Question

How to evaluate \[\sin \left( { - 135} \right)\]?

Answer 1

Hint: The trigonometry identity \[\sin \left( { - x} \right) = - \sin \left( x \right)\]. Here x is \[ - {135^ \circ }\] and \[ - {135^ \circ }\]is equal to 180 degree minus 45 degree. This can be substituted in place of x. The trigonometry identity \[\sin \left( {180 - x} \right) = \sin \left( x \right)\]. Here x is 45 degrees. The value of \[\sin {\left( {45} \right)^ \circ } = \dfrac{1}{{\sqrt 2 }}\]. These reduction formulae can be used to evaluate such questions. Also quadrant can be determined for confirmation of answers.
Taylor series expansion can be used each time whenever needed to compute trigonometric functions for a given angle.

Complete step by step answer:
We know that, \[\sin \left( { - x} \right) = - \sin \left( x \right)\]
So,
 \[
  \sin \left( { - 135} \right) = - \sin \left( {135} \right) \\
   \Rightarrow \sin \left( { - 135} \right) = - \sin \left( {180 - 45} \right) \\
\]
We have, \[\sin \left( {180 - x} \right) = \sin \left( x \right)\]
So, \[\sin \left( { - {{135}^ \circ }} \right) = - \sin \left( {{{45}^ \circ }} \right)\]
We know that, \[\sin \left( {{{45}^ \circ }} \right) = \dfrac{1}{{\sqrt 2 }}\]
So, \[\sin \left( { - {{135}^ \circ }} \right) = - \dfrac{1}{{\sqrt 2 }}\]

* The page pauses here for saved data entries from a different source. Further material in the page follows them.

lemma pairing_combination:
  assumes pairs: "symplectic_pairs V n e f" and PQ: "P \<subseteq> {..<n}" "Q \<subseteq> {..<n}" and i: "i < n"
  shows "\<beta> (sum e P + sum f Q) (f i) = of_bool (i \<in> P)"
    and "\<beta> (sum e P + sum f Q) (e i) = of_bool (i \<in> Q)"
proof -
  have dual: "\<beta> (e j) (f i) = of_bool (j = i)" "\<beta> (f j) (e i) = of_bool (j = i)"
    "\<beta> (e j) (e i) = 0" "\<beta> (f j) (f i) = 0" if "j < n" for j
    using pairs that i commute[of "f i" "e i"] by (cases "j = i"; auto simp: symplectic_pairs_def)+
  have delta: "(\<Sum>j\<in>S. of_bool (j = i)) = (of_bool (i \<in> S) :: bit)" if "S \<subseteq> {..<n}" for S
    using finite_subset[OF that] by (simp add: of_bool_def sum.delta)
  have "(\<Sum>j\<in>P. \<beta> (e j) (f i)) = (\<Sum>j\<in>P. of_bool (j = i))"
    "(\<Sum>j\<in>Q. \<beta> (f j) (e i)) = (\<Sum>j\<in>Q. of_bool (j = i))"
    "(\<Sum>j\<in>Q. \<beta> (f j) (f i)) = 0" "(\<Sum>j\<in>P. \<beta> (e j) (e i)) = 0"
    using PQ dual by (auto intro!: sum.cong sum.neutral)
  with PQ show "\<beta> (sum e P + sum f Q) (f i) = of_bool (i \<in> P)"
      and "\<beta> (sum e P + sum f Q) (e i) = of_bool (i \<in> Q)"
    by (simp_all add: add_left sum_left delta)
qed

lemma symplectic_pairs_independent:
  assumes pairs: "symplectic_pairs V n e f"
    and orth: "\<And>i. i < n \<Longrightarrow> \<beta> d (e i) = 0 \<and> \<beta> d (f i) = 0"
    and PQ: "P \<subseteq> {..<n}" "Q \<subseteq> {..<n}" "P' \<subseteq> {..<n}" "Q' \<subseteq> {..<n}"
    and d: "d = (sum e P + sum f Q) - (sum e P' + sum f Q')"
  shows "P = P' \<and> Q = Q'"
proof -
  have of_bool_sum_eq_0: "(of_bool A + of_bool B :: bit) = 0 \<longleftrightarrow> (A \<longleftrightarrow> B)" for A B
    by (cases A; cases B) simp_all
  have "i \<in> P \<longleftrightarrow> i \<in> P'" "i \<in> Q \<longleftrightarrow> i \<in> Q'" if "i < n" for i
    using orth[OF that] pairing_combination[OF pairs _ _ that] PQ
    by (simp_all add: d diff_left of_bool_sum_eq_0)
  with PQ show ?thesis by blast
qed

end

section \<open>Entanglement of a stabilizer module\<close>

definition halfwidth :: "pvec \<Rightarrow> int" where
  "halfwidth z = Max (psupp z)"

lemma uminus_in_psupp: "pvec_palindrome z \<Longrightarrow> x \<in> psupp z \<Longrightarrow> - x \<in> psupp z"
  by (auto simp: pvec_palindrome_def psupp_def palindrome_uminus_in_keys)

lemma abs_le_halfwidth:
  assumes "pvec_palindrome z" "x \<in> psupp z"
  shows "\<bar>x\<bar> \<le> halfwidth z"
  using assms uminus_in_psupp[OF assms] by (simp add: halfwidth_def abs_le_iff)

lemma halfwidth_nonneg: "pvec_palindrome z \<Longrightarrow> z \<noteq> 0 \<Longrightarrow> 0 \<le> halfwidth z"
  using abs_le_halfwidth[of z "halfwidth z"]
  by (simp add: halfwidth_def psupp_eq_empty_iff)

lemma in_psupp_pscale_obtain_key:
  assumes "pvec_palindrome z" "x \<in> psupp (pscale h z)"
  obtains k where "k \<in> keys h" "\<bar>x - k\<bar> \<le> halfwidth z"
  using assms(2) by (rule in_psupp_pscale_obtain) (use abs_le_halfwidth[OF assms(1)] in force)

lemma extreme_keys_in_psupp_pscale:
  assumes z: "pvec_palindrome z" "z \<noteq> 0" and h: "h \<noteq> 0"
  shows "Max (keys h) + halfwidth z \<in> psupp (pscale h z)"
    and "Min (keys h) - halfwidth z \<in> psupp (pscale h z)"
proof -
  let ?D = "halfwidth z"
  txt \<open>A component of \<open>z\<close> reaching \<open>?D\<close> reaches \<open>-?D\<close> as well; its extreme exponents are \<open>\<plusminus>?D\<close>.\<close>
  have extreme: "Max (keys h) + ?D \<in> keys (h * p) \<and> Min (keys h) - ?D \<in> keys (h * p)"
    if p: "palindrome p" "?D \<in> keys p" "keys p \<subseteq> psupp z" for p
  proof -
    have "p \<noteq> 0" using p(2) by auto
    moreover have "Max (keys p) = ?D" "Min (keys p) = - ?D"
      using p palindrome_uminus_in_keys[OF p(1,2)] abs_le_halfwidth[OF z(1)]
      by (force intro!: Max_eqI Min_eqI simp: abs_le_iff)+
    ultimately show ?thesis
      using Max_keys_mult[OF h, of p] Min_keys_mult[OF h, of p] by simp
  qed
  have "?D \<in> psupp z"
    using z(2) by (simp add: halfwidth_def psupp_eq_empty_iff)
  then have "?D \<in> keys (fst z) \<or> ?D \<in> keys (snd z)"
    by (simp add: psupp_def)
  then show "Max (keys h) + ?D \<in> psupp (pscale h z)" "Min (keys h) - ?D \<in> psupp (pscale h z)"
    using extreme[of "fst z"] extreme[of "snd z"] z(1)
    by (auto simp: pvec_palindrome_def psupp_def pscale_def)
qed

lemma psupp_pscale_subset_left:
  assumes "pvec_palindrome z" "keys h \<subseteq> {..<c - halfwidth z}"
  shows "psupp (pscale h z) \<subseteq> {..<c}"
proof
  fix x assume x: "x \<in> psupp (pscale h z)"
  obtain k where "k \<in> keys h" "\<bar>x - k\<bar> \<le> halfwidth z"
    using in_psupp_pscale_obtain_key[OF assms(1) x] by blast
  with assms(2) show "x \<in> {..<c}" by auto
qed

lemma psupp_pscale_disjoint_left:
  assumes "pvec_palindrome z" "keys h \<subseteq> {c + halfwidth z..}"
  shows "{..<c} \<inter> psupp (pscale h z) = {}"
proof (intro equalityI subsetI)
  fix x assume "x \<in> {..<c} \<inter> psupp (pscale h z)"
  then obtain k where "x < c" "k \<in> keys h" "\<bar>x - k\<bar> \<le> halfwidth z"
    using assms(1) by (auto elim: in_psupp_pscale_obtain_key)
  with assms(2) show "x \<in> {}" by auto
qed simp

lemma keys_subset_left_if_psupp_pscale_subset:
  assumes z: "pvec_palindrome z" "z \<noteq> 0" and left: "psupp (pscale h z) \<subseteq> {..<c}"
  shows "keys h \<subseteq> {..<c - halfwidth z}"
proof (cases "h = 0")
  case False
  then have "Max (keys h) + halfwidth z \<in> {..<c}"
    using extreme_keys_in_psupp_pscale(1)[OF z False] left by blast
  then have max: "Max (keys h) < c - halfwidth z"
    by simp
  show ?thesis
  proof
    fix k assume "k \<in> keys h"
    then have "k \<le> Max (keys h)" by simp
    with max show "k \<in> {..<c - halfwidth z}" by simp
  qed
qed simp

lemma keys_subset_right_if_psupp_pscale_disjoint:
  assumes z: "pvec_palindrome z" "z \<noteq> 0" and right: "{..<c} \<inter> psupp (pscale h z) = {}"
  shows "keys h \<subseteq> {c + halfwidth z..}"
proof (cases "h = 0")
  case False
  then have "\<not> Min (keys h) - halfwidth z < c"
    using extreme_keys_in_psupp_pscale(2)[OF z False] right by blast
  then have min: "c + halfwidth z \<le> Min (keys h)"
    by simp
  show ?thesis
  proof
    fix k assume "k \<in> keys h"
    then have "Min (keys h) \<le> k" by simp
    with min show "k \<in> {c + halfwidth z..}" by simp
  qed
qed simp

text \<open>The stabilizer labels of a palindromic unimodular vector form a Lagrangian subspace:
  they are exactly the labels commuting with all of them.\<close>
lemma in_stab_labels_if_symp_on_orthogonal:
  assumes z: "pvec_palindrome z" "unimodular z"
    and orth: "\<And>k. symp_on UNIV v (pscale (upow k) z) = 0"
  shows "v \<in> stab_labels z"
proof -
  obtain p q where pq: "p * fst z + q * snd z = 1"
    using z(2) unfolding unimodular_def by blast
  have "fst v * snd z + snd v * fst z = 0"
  proof (rule poly_mapping_eqI)
    fix k
    show "coeff (fst v * snd z + snd v * fst z) k = coeff 0 k"
      using orth[of k] z(1) by (simp add: symp_on_UNIV_pscale_upow pvec_palindrome_def)
  qed
  then have cross: "fst v * snd z = snd v * fst z"
    by (simp only: lpoly_add_eq_0_iff)
  define h where "h = p * fst v + q * snd v"
  have "fst v = h * fst z"
  proof -
    have "fst v = fst v * (p * fst z + q * snd z)" by (simp add: pq)
    also have "\<dots> = h * fst z" by (simp add: h_def algebra_simps cross)
    finally show ?thesis .
  qed
  moreover have "snd v = h * snd z"
  proof -
    have "snd v = snd v * (p * fst z + q * snd z)" by (simp add: pq)
    also have "\<dots> = h * snd z" by (simp add: h_def algebra_simps cross)
    finally show ?thesis .
  qed
  ultimately show ?thesis
    by (auto simp: stab_labels_def prod_eq_iff)
qed

text \<open>The commutation form across the cut at \<open>c\<close>, transported to coefficient polynomials
  \<open>f \<mapsto> f z\<close> of the stabilizer labels.\<close>
definition cut_form :: "int \<Rightarrow> pvec \<Rightarrow> lpoly \<Rightarrow> lpoly \<Rightarrow> bit" where
  "cut_form c z f g = symp_on {..<c} (pscale f z) (pscale g z)"

interpretation cut: alternating_form "cut_form c z" for c z
proof
  show "cut_form c z (f + g) h = cut_form c z f h + cut_form c z g h" for f g h
    by (simp add: cut_form_def pscale_add symp_on_add_left)
  show "cut_form c z f g = cut_form c z g f" for f g
    unfolding cut_form_def by (rule symp_on_commute)
qed (simp add: cut_form_def)

lemma cut_form_left_eq_0:
  assumes "pvec_palindrome z" "keys h \<subseteq> {..<c - halfwidth z}"
  shows "cut_form c z h g = 0"
proof -
  have "psupp (pscale h z) \<subseteq> {..<c}"
    using assms by (rule psupp_pscale_subset_left)
  then have "cut_form c z h g = symp_on UNIV (pscale h z) (pscale g z)"
    unfolding cut_form_def by (rule symp_on_eq_UNIV)
  also have "\<dots> = 0"
    using assms(1) by (simp add: pvec_palindrome_def symp_on_UNIV_pscale_palindrome)
  finally show ?thesis .
qed

lemma cut_form_right_eq_0:
  assumes "pvec_palindrome z" "keys h \<subseteq> {c + halfwidth z..}"
  shows "cut_form c z h g = 0"
  unfolding cut_form_def by (rule symp_on_disjoint) (rule psupp_pscale_disjoint_left[OF assms])

definition cut_window :: "int \<Rightarrow> pvec \<Rightarrow> int set" where
  "cut_window c z = {c - halfwidth z..<c + halfwidth z}"

lemma cut_form_upow_eq_0:
  assumes z: "pvec_palindrome z"
    and radical: "\<And>g. keys g \<subseteq> cut_window c z \<Longrightarrow> cut_form c z f g = 0"
  shows "cut_form c z f (upow k) = 0"
proof -
  consider "k < c - halfwidth z" | "k \<in> cut_window c z" | "c + halfwidth z \<le> k"
    by (force simp: cut_window_def)
  then show ?thesis
  proof cases
    case 1
    then show ?thesis
      using cut_form_left_eq_0[OF z, of "upow k"] cut.commute by auto
  next
    case 2
    then show ?thesis by (simp add: radical)
  next
    case 3
    then show ?thesis
      using cut_form_right_eq_0[OF z, of "upow k"] cut.commute by auto
  qed
qed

Note: Before calculation quadrant must be determined. If our angle is greater than 90 and less than or equal to 180 degrees, it is located in quadrant II. In the second quadrant the values for sin are positive only. If the angle is greater than 180 and less or equal to 270 degrees then it falls in the third quadrant where the sin functions are negative. Therefore, before solving such questions quadrants can easily be determined.

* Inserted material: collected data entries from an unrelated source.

(* Let $C \subset \mathbb{R}^n$ be convex and closed with nonempty interior, and let $h\colon C\to\mathbb{R}$ be Legendre on $C$, continuous on $C$, and satisfy condition (B): for every sequence $(x_k)_{k\in\mathbb{N}} \subset \mathrm{int}\, C$ and every $y \in C$, if $x_k \to y$ then $D_h(y,x_k) \to 0$. Let $x \in \mathrm{bd}\, C$ and $y \in C$ be such that $\frac{x+y}{2} \in \mathrm{int}\, C$. Then $D_h\big(y, (1-\lambda)x + \lambda y\big) \to +\infty$ as $\lambda \to 0^+$.
   Context: A convex function $h \colon C \to \mathbb{R}$ on a convex set $C\subset\mathbb{R}^n$ with nonempty interior is called Legendre if (1) $h$ is continuously differentiable on $\mathrm{int}\, C$ and $\|\nabla h(x)\| \to +\infty$ whenever $x \in \mathrm{int}\, C$ approaches a point of the boundary of $C$; and (2) $h$ is strictly convex on $\mathrm{int}\, C$. The Bregman divergence is $D_h(y,x) = h(y) - h(x) - \langle \nabla h(x), y - x\rangle$ for $y \in C$, $x \in \mathrm{int}\, C$. $\mathrm{bd}\, C$ denotes the boundary of $C$. *)

theory Defs
  imports "HOL-Analysis.Analysis"
begin

definition grad :: "('a::euclidean_space \<Rightarrow> real) \<Rightarrow> 'a \<Rightarrow> 'a" where
  "grad h x = (\<Sum>b\<in>Basis. frechet_derivative h (at x) b *\<^sub>R b)"

definition strict_convex_on :: "'a::real_vector set \<Rightarrow> ('a \<Rightarrow> real) \<Rightarrow> bool" where
  "strict_convex_on S f \<longleftrightarrow>
     (\<forall>x\<in>S. \<forall>y\<in>S. x \<noteq> y \<longrightarrow> (\<forall>u::real. 0 < u \<and> u < 1 \<longrightarrow>
        f ((1 - u) *\<^sub>R x + u *\<^sub>R y) < (1 - u) * f x + u * f y))"

definition legendre :: "'a::euclidean_space set \<Rightarrow> ('a \<Rightarrow> real) \<Rightarrow> bool" where
  "legendre C h \<longleftrightarrow>
     convex C \<and> interior C \<noteq> {} \<and> convex_on C h \<and>
     (\<forall>x\<in>interior C. h differentiable (at x)) \<and>
     continuous_on (interior C) (grad h) \<and>
     (\<forall>z\<in>frontier C. filterlim (\<lambda>x. norm (grad h x)) at_top (at z within interior C)) \<and>
     strict_convex_on (interior C) h"

definition bregman :: "('a::euclidean_space \<Rightarrow> real) \<Rightarrow> 'a \<Rightarrow> 'a \<Rightarrow> real" where
  "bregman h y x = h y - h x - grad h x \<bullet> (y - x)"

end

theory Submission imports Defs begin

text \<open>Let \<open>z\<^sub>t = (1 - t) x + t y\<close>, \<open>m = (x + y)/2\<close> and \<open>g = \<nabla>h(z\<^sub>t)\<close>; fix a ball \<open>B(m, r)\<close> inside
  \<open>int C\<close> and a bound \<open>M\<close> for \<open>|h|\<close> on that ball and on the segment \<open>[x, y]\<close>.
  The subgradient inequality at \<open>z\<^sub>t\<close>, tested at the point \<open>m + r g/|g|\<close> of the ball, gives
  \<open>\<langle>g, m - z\<^sub>t\<rangle> \<le> 2M - r|g|\<close>. Since \<open>y - z\<^sub>t\<close> is a multiple \<open>c \<ge> 1\<close> of \<open>m - z\<^sub>t\<close>, this yields
  \<open>D\<^sub>h(y, z\<^sub>t) \<ge> r|g| - 4M\<close> as soon as \<open>r|g| \<ge> 2M\<close>. As \<open>t \<rightarrow> 0\<^sup>+\<close>, \<open>z\<^sub>t\<close> tends to the boundary
  point \<open>x\<close> from inside \<open>int C\<close>, so \<open>|g| \<rightarrow> \<infinity>\<close> because \<open>h\<close> is Legendre.\<close>

lemma grad_inner_eq_frechet_derivative:
  fixes h :: "'a::euclidean_space \<Rightarrow> real"
  assumes "h differentiable (at z)"
  shows "grad h z \<bullet> v = frechet_derivative h (at z) v"
proof -
  have "linear (frechet_derivative h (at z))"
    using assms frechet_derivative_works has_derivative_linear by blast
  from Linear_Algebra.linear_componentwise[OF this, of v 1]
  have "frechet_derivative h (at z) v = (\<Sum>b\<in>Basis. (v \<bullet> b) * frechet_derivative h (at z) b)"
    by simp
  also have "\<dots> = grad h z \<bullet> v"
    unfolding grad_def inner_sum_left by (intro sum.cong refl) (simp add: inner_commute)
  finally show ?thesis ..
qed

lemma convex_on_has_derivative_le:
  fixes f :: "'a::real_normed_vector \<Rightarrow> real"
  assumes cvx: "convex_on S f" and "x \<in> S" "y \<in> S"
    and f': "(f has_derivative f') (at x)"
  shows "f x + f' (y - x) \<le> f y"
proof -
  have "((\<lambda>s. x + s *\<^sub>R (y - x)) has_derivative (\<lambda>s. s *\<^sub>R (y - x))) (at 0)"
    by (auto intro!: derivative_eq_intros)
  moreover have "(f has_derivative f') (at (x + 0 *\<^sub>R (y - x)))"
    using f' by simp
  ultimately have "((\<lambda>s. f (x + s *\<^sub>R (y - x))) has_derivative (\<lambda>s. f' (s *\<^sub>R (y - x)))) (at 0)"
    by (rule has_derivative_compose)
  moreover have "(\<lambda>s. f' (s *\<^sub>R (y - x))) = (\<lambda>s. f' (y - x) * s)"
    using f' has_derivative_linear linear_scale by (fastforce simp: mult.commute)
  ultimately have "((\<lambda>s. f (x + s *\<^sub>R (y - x))) has_real_derivative f' (y - x)) (at 0)"
    by (simp add: has_field_derivative_def)
  then have "((\<lambda>s. (f (x + s *\<^sub>R (y - x)) - f x) / s) \<longlongrightarrow> f' (y - x)) (at_right 0)"
    unfolding has_field_derivative_iff by (auto intro: tendsto_mono[OF at_le])
  moreover have "\<forall>\<^sub>F s in at_right 0. (f (x + s *\<^sub>R (y - x)) - f x) / s \<le> f y - f x"
    unfolding eventually_at_right_field
  proof (intro exI[of _ 1] conjI allI impI)
    fix s :: real assume s: "0 < s" "s < 1"
    have "f ((1 - s) *\<^sub>R x + s *\<^sub>R y) \<le> (1 - s) * f x + s * f y"
      using convex_onD[OF cvx] s assms by simp
    moreover have "(1 - s) *\<^sub>R x + s *\<^sub>R y = x + s *\<^sub>R (y - x)"
      by (simp add: algebra_simps)
    ultimately show "(f (x + s *\<^sub>R (y - x)) - f x) / s \<le> f y - f x"
      using s by (simp add: divide_simps algebra_simps)
  qed simp
  ultimately have "f' (y - x) \<le> f y - f x"
    by (rule tendsto_upperbound) simp
  then show ?thesis by simp
qed

lemma convex_on_grad_le:
  fixes h :: "'a::euclidean_space \<Rightarrow> real"
  assumes "convex_on S h" "z \<in> S" "w \<in> S" "h differentiable (at z)"
  shows "h z + grad h z \<bullet> (w - z) \<le> h w"
  using convex_on_has_derivative_le[OF assms(1-3) frechet_derivative_works[THEN iffD1, OF assms(4)]]
  by (simp add: grad_inner_eq_frechet_derivative[OF assms(4)])

lemma bregman_ge_norm_grad:
  fixes h :: "'a::euclidean_space \<Rightarrow> real"
  assumes cvx: "convex_on S h" and z: "z \<in> S" "h differentiable (at z)"
    and ball: "0 \<le> r" "cball m r \<subseteq> S"
    and y: "y - z = c *\<^sub>R (m - z)" "1 \<le> c"
    and bound: "\<forall>w\<in>cball m r. \<bar>h w\<bar> \<le> M" "\<bar>h z\<bar> \<le> M" "\<bar>h y\<bar> \<le> M"
    and large: "2 * M \<le> r * norm (grad h z)"
  shows "r * norm (grad h z) - 4 * M \<le> bregman h y z"
proof -
  define g where "g = grad h z"
  define w where "w = m + r *\<^sub>R sgn g"
  have "w \<in> cball m r"
    using ball(1) by (simp add: w_def dist_norm norm_sgn mult_left_le)
  then have hw: "\<bar>h w\<bar> \<le> M" and "w \<in> S"
    using bound(1) ball(2) by auto
  have "g \<bullet> sgn g = norm g"
    by (cases "g = 0") (simp_all add: sgn_div_norm power2_norm_eq_inner [symmetric] power2_eq_square)
  then have "g \<bullet> (w - z) = g \<bullet> (m - z) + r * norm g"
    by (simp add: w_def algebra_simps inner_add_right)
  with convex_on_grad_le[OF cvx z(1) \<open>w \<in> S\<close> z(2)]
  have inner_le: "g \<bullet> (m - z) \<le> 2 * M - r * norm g"
    using hw bound(2) unfolding g_def by linarith
  with large have "c * (g \<bullet> (m - z)) \<le> 1 * (g \<bullet> (m - z))"
    using y(2) unfolding g_def by (intro mult_right_mono_neg) auto
  moreover have "bregman h y z = h y - h z - c * (g \<bullet> (m - z))"
    by (simp add: bregman_def y(1) g_def)
  ultimately show ?thesis
    using inner_le bound(2,3) unfolding g_def by linarith
qed

lemma filterlim_linepath_at_right_0:
  fixes x y :: "'a::real_normed_vector"
  assumes "x \<noteq> y" and "\<forall>\<^sub>F t in at_right 0. linepath x y t \<in> U"
  shows "filterlim (linepath x y) (at x within U) (at_right 0)"
  unfolding filterlim_at
proof
  have "\<forall>\<^sub>F t in at_right (0::real). t \<noteq> 0"
    by (simp add: eventually_at_filter)
  moreover have "linepath x y t \<noteq> x" if "t \<noteq> 0" for t
    using that assms(1) by (simp add: linepath_def algebra_simps)
  ultimately show "\<forall>\<^sub>F t in at_right 0. linepath x y t \<in> U \<and> linepath x y t \<noteq> x"
    using assms(2) by (auto elim: eventually_elim2)
  have "((\<lambda>t. (1 - t) *\<^sub>R x + t *\<^sub>R y) \<longlongrightarrow> (1 - 0) *\<^sub>R x + 0 *\<^sub>R y) (at_right 0)"
    by (intro tendsto_intros)
  then show "(linepath x y \<longlongrightarrow> x) (at_right 0)"
    by (simp add: linepath_def)
qed

lemma linepath_in_interior_convex:
  fixes S :: "'a::euclidean_space set"
  assumes "convex S" "x \<in> closure S" "midpoint x y \<in> interior S" "0 < t" "t \<le> 1/2"
  shows "linepath x y t \<in> interior S"
proof -
  have "x - (2 * t) *\<^sub>R (x - midpoint x y) \<in> interior S"
    using mem_interior_closure_convex_shrink[OF assms(1,3,2)] assms(4,5) by simp
  also have "x - (2 * t) *\<^sub>R (x - midpoint x y) = linepath x y t"
    by (simp add: midpoint_def linepath_def algebra_simps) (simp only: mult_2_right scaleR_add_left)
  finally show ?thesis .
qed

lemma bregman_linepath_ge_norm_grad:
  fixes h :: "'a::euclidean_space \<Rightarrow> real" and x y :: 'a and t :: real
  defines "z \<equiv> linepath x y t"
  assumes cvx: "convex_on S h" and z: "z \<in> S" "h differentiable (at z)" and t: "0 < t" "t < 1/2"
    and ball: "0 \<le> r" "cball (midpoint x y) r \<subseteq> S"
    and bound: "\<forall>w\<in>cball (midpoint x y) r \<union> closed_segment x y. \<bar>h w\<bar> \<le> M"
    and large: "2 * M \<le> r * norm (grad h z)"
  shows "r * norm (grad h z) - 4 * M \<le> bregman h y z"
proof (rule bregman_ge_norm_grad[OF cvx z ball _ _ _ _ _ large])
  have "midpoint x y - z = (1/2 - t) *\<^sub>R (y - x)" "y - z = (1 - t) *\<^sub>R (y - x)"
    by (simp_all add: z_def midpoint_def linepath_def algebra_simps flip: scaleR_add_left)
  then show "y - z = ((1 - t) / (1/2 - t)) *\<^sub>R (midpoint x y - z)"
    using t by simp
  show "1 \<le> (1 - t) / (1/2 - t)"
    using t by (simp add: divide_simps)
  show "\<bar>h z\<bar> \<le> M" "\<bar>h y\<bar> \<le> M"
    using bound linepath_in_path[of t x y] t unfolding z_def by auto
qed (use bound in auto)

theorem lemma1:
  fixes C :: "'a::euclidean_space set" and h :: "'a \<Rightarrow> real" and x y :: 'a
  assumes "convex C" and "closed C" and "interior C \<noteq> {}"
    and "legendre C h"
    and "continuous_on C h"
    and condB: "\<And>X z. (\<forall>k. X k \<in> interior C) \<Longrightarrow> z \<in> C \<Longrightarrow> X \<longlonglongrightarrow> z \<Longrightarrow>
                  (\<lambda>k. bregman h z (X k)) \<longlonglongrightarrow> 0"
    and "x \<in> frontier C" and "y \<in> C"
    and "(1/2) *\<^sub>R (x + y) \<in> interior C"
  shows "filterlim (\<lambda>t. bregman h y ((1 - t) *\<^sub>R x + t *\<^sub>R y)) at_top (at_right 0)"
proof -
  have cvx: "convex_on (interior C) h"
    using assms(1,4) convex_on_subset[OF _ interior_subset convex_interior]
    by (auto simp: legendre_def)
  have diff: "\<And>z. z \<in> interior C \<Longrightarrow> h differentiable (at z)"
    and blowup: "filterlim (\<lambda>z. norm (grad h z)) at_top (at x within interior C)"
    using assms(4,7) by (auto simp: legendre_def)
  have m: "midpoint x y \<in> interior C"
    using assms(9) by (simp add: midpoint_def)
  then obtain r where r: "0 < r" "cball (midpoint x y) r \<subseteq> interior C"
    using open_contains_cball open_interior by blast
  have xC: "x \<in> C" and "x \<noteq> y"
    using assms(2,7) m frontier_subset_closed by (auto simp: frontier_def)
  have small: "\<forall>\<^sub>F t in at_right 0. 0 < t \<and> t < 1/2 \<and> linepath x y t \<in> interior C"
    using linepath_in_interior_convex[OF assms(1) closure_subset[THEN subsetD, OF xC] m]
    by (auto simp: eventually_at_right_field intro!: exI[of _ "1/2"])
  then have "filterlim (linepath x y) (at x within interior C) (at_right 0)"
    by (intro filterlim_linepath_at_right_0[OF \<open>x \<noteq> y\<close>]) (auto elim: eventually_mono)
  from filterlim_compose[OF blowup this]
  have grad_lim: "filterlim (\<lambda>t. r * norm (grad h (linepath x y t))) at_top (at_right 0)"
    by (rule filterlim_tendsto_pos_mult_at_top[OF tendsto_const r(1)])
  have "cball (midpoint x y) r \<union> closed_segment x y \<subseteq> C"
    using r(2) interior_subset closed_segment_subset[OF xC assms(8,1)] by blast
  then obtain M where M: "\<forall>w\<in>cball (midpoint x y) r \<union> closed_segment x y. \<bar>h w\<bar> \<le> M"
    using continuous_on_compact_bound[of _ h] continuous_on_subset[OF assms(5)]
    by (metis compact_Un compact_cball compact_segment real_norm_def)
  have "\<forall>\<^sub>F t in at_right 0. r * norm (grad h (linepath x y t)) - 4 * M \<le> bregman h y (linepath x y t)"
    using small grad_lim[unfolded filterlim_at_top, rule_format, of "2 * M"]
    by eventually_elim (use bregman_linepath_ge_norm_grad[OF cvx _ diff _ _ _ r(2) M] r(1) in auto)
  moreover have "filterlim (\<lambda>t. r * norm (grad h (linepath x y t)) - 4 * M) at_top (at_right 0)"
    using filterlim_tendsto_add_at_top[OF tendsto_const grad_lim, of "- 4 * M"] by simp
  ultimately show ?thesis
    unfolding linepath_def by (rule filterlim_at_top_mono[rotated])
qed

end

We have \[ - {135^ \circ }\] which is in quadrant 3 (going clockwise rather than going anticlockwise). The reference angle is 45 degrees where the terminal arm is 45 degrees from the X axis.

Determining the quadrant makes it easier to verify the answer whether correct or wrong.
The sine of the angle is equal to the product of length of the opposite side and length of the hypotenuse. Taylor series can be used also as an alternative way to solve any angle of a trigonometric function.